The Supreme Court concluded that § 145’s plain text does not overcome the American Rule’s presumption against fee shifting, stating that definitions of “expenses,” while broad enough to include attorney’s fees, provided little guidance. Mere failure to foreclose a fee award “neither specifically nor explicitly authorizes courts to shift [fees].” Rather, the Supreme Court explained that the complete phrase “expenses of the proceeding” would not have been commonly understood to include attorney’s fees at the time § 145 was enacted. The Court also found that the modifier “all” did not transform “expenses” to reach an outlay that it would not otherwise include.

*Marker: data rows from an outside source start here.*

lemma hom_Pmod_EFE_top:
  assumes f: "hom (Pmod r i) N f" and i: "0 \<le> i" "i \<le> int r - 2"
  shows "opE N (opF N (opE N (f (bv (Hv i))))) = (\<lambda>_. 0)"
proof -
  have H: "inBasis r i (Hv i)" and R: "inBasis r i (Rv (i + 2))" and S: "inBasis r i (Sv i)"
    using i by (auto simp: inBasis_def)
  have "opE (Pmod r i) (bv (Hv i)) = bv (Rv (i + 2))"
    "opF (Pmod r i) (bv (Rv (i + 2))) = bv (Sv i)" "opE (Pmod r i) (bv (Sv i)) = (\<lambda>_. 0)"
    using H R S by (simp_all add: opE_Pmod_bv opF_Pmod_bv Eb_def Fb_def add.commute)
  moreover have "f (opE (Pmod r i) v) = opE N (f v)" "f (opF (Pmod r i) v) = opF N (f v)"
    if "v \<in> carrier (Pmod r i)" for v
    using f that unfolding hom_def by auto
  ultimately show ?thesis
    using bv_in_carrier_Pmod[OF H] bv_in_carrier_Pmod[OF R] bv_in_carrier_Pmod[OF S]
      hom_apply_zero[OF f zero_in_carrier_Pmod] by metis
qed

lemma int_mult_window:
  assumes "0 < r" "- int r < k * int r - m * int r" "k * int r - m * int r < int r"
  shows "k = m"
proof -
  have "(- 1) * int r < (k - m) * int r" "(k - m) * int r < 1 * int r"
    using assms(2,3) by (simp_all add: algebra_simps)
  with assms(1) show ?thesis by (simp only: mult_less_cancel_right) simp
qed

lemma hom_top_image_cases:
  assumes r: "0 < r" and i: "0 \<le> i" "i \<le> int r - 2" and l: "0 \<le> l" "l \<le> int r - 2"
    and f: "hom (Pmod r i) (tensC r k (Pmod r l)) f" and nonzero: "f \<noteq> (\<lambda>_ _. 0)"
  shows "(k = 0 \<and> l = i \<and> (\<exists>x y. f (bv (Hv i)) = (\<lambda>c. x * bv (Hv i) c + y * bv (Sv i) c)))
    \<or> (k = 1 \<and> l = int r - 2 - i \<and> (\<exists>a. a \<noteq> 0 \<and> f (bv (Hv i)) = smul a (bv (Lv (i - int r)))))
    \<or> (k = -1 \<and> l = int r - 2 - i \<and> (\<exists>a. a \<noteq> 0 \<and> f (bv (Hv i)) = smul a (bv (Rv (i + int r)))))"
proof -
  define w where "w = f (bv (Hv i))"
  have top: "inBasis r i (Hv i)" using i by (simp add: inBasis_def)
  have "w \<in> carrier (Pmod r l)"
    using f bv_in_carrier_Pmod[OF top] unfolding w_def hom_def tensC_simps by blast
  moreover have "\<forall>c. wt c \<noteq> i - k * int r \<longrightarrow> w c = 0"
    using hom_tensC_image_weight[OF f top] by (simp add: w_def)
  moreover have "opE (Pmod r l) (opF (Pmod r l) (opE (Pmod r l) w)) = (\<lambda>_. 0)"
    using hom_Pmod_EFE_top[OF f i] qn_nonzero
    by (simp add: w_def tensC_simps opE_Pmod_smul smul_eq_zero_iff)
  moreover have w_nonzero: "w \<noteq> (\<lambda>_. 0)"
  proof
    assume "w = (\<lambda>_. 0)"
    then have "f = (\<lambda>_ _. 0)"
      using hom_Pmod_unique[OF f hom_zero _ i] linear_umod_tensC[OF linear_umod_Pmod]
      by (simp add: w_def)
    with nonzero show False ..
  qed
  ultimately have "(i - k * int r = l \<and>
        (\<exists>x y. w = (\<lambda>c. x * bv (Hv (i - k * int r)) c + y * bv (Sv (i - k * int r)) c)))
    \<or> (i - k * int r = 2 * int r - 2 - l \<and> (\<exists>a. w = smul a (bv (Rv (i - k * int r)))))
    \<or> (i - k * int r = - l - 2 \<and> (\<exists>a. w = smul a (bv (Lv (i - k * int r)))))"
    by (rule EFE_kernel_weight_vector[OF l])
  then show ?thesis
  proof (elim disjE conjE)
    assume "i - k * int r = l"
      and "\<exists>x y. w = (\<lambda>c. x * bv (Hv (i - k * int r)) c + y * bv (Sv (i - k * int r)) c)"
    moreover from this(1) have "k = 0" by (intro int_mult_window[OF r]) (use i l in linarith)+
    ultimately show ?thesis by (simp add: w_def)
  next
    assume "i - k * int r = 2 * int r - 2 - l" and "\<exists>a. w = smul a (bv (Rv (i - k * int r)))"
    moreover from this(1) have "k = -1" by (intro int_mult_window[OF r]) (use i l in linarith)+
    ultimately show ?thesis using w_nonzero by (auto simp: w_def smul_bv_eq_zero_iff)
  next
    assume "i - k * int r = - l - 2" and "\<exists>a. w = smul a (bv (Lv (i - k * int r)))"
    moreover from this(1) have "k = 1" by (intro int_mult_window[OF r]) (use i l in linarith)+
    ultimately show ?thesis using w_nonzero by (auto simp: w_def smul_bv_eq_zero_iff)
  qed
qed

The Supreme Court also noted that in common statutory usage, the term “expenses” alone has never been considered to authorize an award of attorney’s fees with sufficient clarity to overcome the American Rule’s presumption. The Court stated that the appearance of “expenses” and “attorney’s fees” together across various statutes indicates that Congress understands the terms to be distinct and not inclusive of each other. Other statutes that refer to attorney’s fees as a subset of expenses show only that “expenses” can include attorney’s fees when so defined. The Court also stated that its precedent did not support the government’s position that the Court has used “expenses” to mean “attorney’s fees.”
Justice Sotomayor also noted that the Patent Act’s history reinforces that Congress did not intend to shift attorney’s fees in § 145 actions, and that there was no evidence that the PTO ever paid its personnel from sums collected from adverse parties. The Court also found that until this litigation, the PTO had never sought its attorney’s fees under § 145. The Court concluded that when Congress intended to provide for attorney’s fees in the Patent Act, it stated so explicitly, citing as an example 35 USC § 285.